Dataset excerpts:
━━━━
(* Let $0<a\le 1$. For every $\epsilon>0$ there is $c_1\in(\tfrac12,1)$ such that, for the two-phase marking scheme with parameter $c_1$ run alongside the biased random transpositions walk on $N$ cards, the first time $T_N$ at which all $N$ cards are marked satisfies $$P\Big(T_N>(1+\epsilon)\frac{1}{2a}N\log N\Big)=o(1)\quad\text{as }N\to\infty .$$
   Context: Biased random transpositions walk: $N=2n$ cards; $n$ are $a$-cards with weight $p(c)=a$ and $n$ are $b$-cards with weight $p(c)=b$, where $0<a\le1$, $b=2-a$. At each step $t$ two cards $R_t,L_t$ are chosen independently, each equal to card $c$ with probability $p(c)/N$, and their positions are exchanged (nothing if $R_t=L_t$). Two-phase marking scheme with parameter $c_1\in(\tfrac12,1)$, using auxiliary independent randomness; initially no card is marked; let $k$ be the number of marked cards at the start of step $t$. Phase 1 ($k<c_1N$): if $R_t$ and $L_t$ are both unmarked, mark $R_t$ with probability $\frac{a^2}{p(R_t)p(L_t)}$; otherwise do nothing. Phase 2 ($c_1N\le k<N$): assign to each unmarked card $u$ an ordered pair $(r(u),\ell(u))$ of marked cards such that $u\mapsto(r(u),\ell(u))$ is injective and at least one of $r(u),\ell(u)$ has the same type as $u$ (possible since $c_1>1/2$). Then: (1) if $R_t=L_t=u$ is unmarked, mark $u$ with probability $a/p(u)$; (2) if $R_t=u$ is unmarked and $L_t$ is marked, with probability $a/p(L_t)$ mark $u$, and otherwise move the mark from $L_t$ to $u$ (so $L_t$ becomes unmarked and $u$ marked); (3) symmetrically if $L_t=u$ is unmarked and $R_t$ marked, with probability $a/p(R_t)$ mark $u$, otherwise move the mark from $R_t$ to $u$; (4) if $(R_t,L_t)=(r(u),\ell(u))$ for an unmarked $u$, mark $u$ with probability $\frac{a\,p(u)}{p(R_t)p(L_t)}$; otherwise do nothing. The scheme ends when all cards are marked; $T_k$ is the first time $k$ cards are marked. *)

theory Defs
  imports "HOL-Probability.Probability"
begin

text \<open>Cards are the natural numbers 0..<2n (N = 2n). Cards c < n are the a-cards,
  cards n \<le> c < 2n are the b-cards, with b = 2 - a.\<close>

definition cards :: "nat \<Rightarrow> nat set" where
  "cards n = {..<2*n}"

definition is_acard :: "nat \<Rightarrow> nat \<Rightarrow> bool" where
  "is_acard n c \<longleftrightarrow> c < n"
━━━━
> Exercise objective: An exact copy of all the entries is the required answer.

> Answer to this problem:
(* Let $0<a\le 1$. For every $\epsilon>0$ there is $c_1\in(\tfrac12,1)$ such that, for the two-phase marking scheme with parameter $c_1$ run alongside the biased random transpositions walk on $N$ cards, the first time $T_N$ at which all $N$ cards are marked satisfies $$P\Big(T_N>(1+\epsilon)\frac{1}{2a}N\log N\Big)=o(1)\quad\text{as }N\to\infty .$$
   Context: Biased random transpositions walk: $N=2n$ cards; $n$ are $a$-cards with weight $p(c)=a$ and $n$ are $b$-cards with weight $p(c)=b$, where $0<a\le1$, $b=2-a$. At each step $t$ two cards $R_t,L_t$ are chosen independently, each equal to card $c$ with probability $p(c)/N$, and their positions are exchanged (nothing if $R_t=L_t$). Two-phase marking scheme with parameter $c_1\in(\tfrac12,1)$, using auxiliary independent randomness; initially no card is marked; let $k$ be the number of marked cards at the start of step $t$. Phase 1 ($k<c_1N$): if $R_t$ and $L_t$ are both unmarked, mark $R_t$ with probability $\frac{a^2}{p(R_t)p(L_t)}$; otherwise do nothing. Phase 2 ($c_1N\le k<N$): assign to each unmarked card $u$ an ordered pair $(r(u),\ell(u))$ of marked cards such that $u\mapsto(r(u),\ell(u))$ is injective and at least one of $r(u),\ell(u)$ has the same type as $u$ (possible since $c_1>1/2$). Then: (1) if $R_t=L_t=u$ is unmarked, mark $u$ with probability $a/p(u)$; (2) if $R_t=u$ is unmarked and $L_t$ is marked, with probability $a/p(L_t)$ mark $u$, and otherwise move the mark from $L_t$ to $u$ (so $L_t$ becomes unmarked and $u$ marked); (3) symmetrically if $L_t=u$ is unmarked and $R_t$ marked, with probability $a/p(R_t)$ mark $u$, otherwise move the mark from $R_t$ to $u$; (4) if $(R_t,L_t)=(r(u),\ell(u))$ for an unmarked $u$, mark $u$ with probability $\frac{a\,p(u)}{p(R_t)p(L_t)}$; otherwise do nothing. The scheme ends when all cards are marked; $T_k$ is the first time $k$ cards are marked. *)

theory Defs
  imports "HOL-Probability.Probability"
begin

text \<open>Cards are the natural numbers 0..<2n (N = 2n). Cards c < n are the a-cards,
  cards n \<le> c < 2n are the b-cards, with b = 2 - a.\<close>

definition cards :: "nat \<Rightarrow> nat set" where
  "cards n = {..<2*n}"

definition is_acard :: "nat \<Rightarrow> nat \<Rightarrow> bool" where
  "is_acard n c \<longleftrightarrow> c < n"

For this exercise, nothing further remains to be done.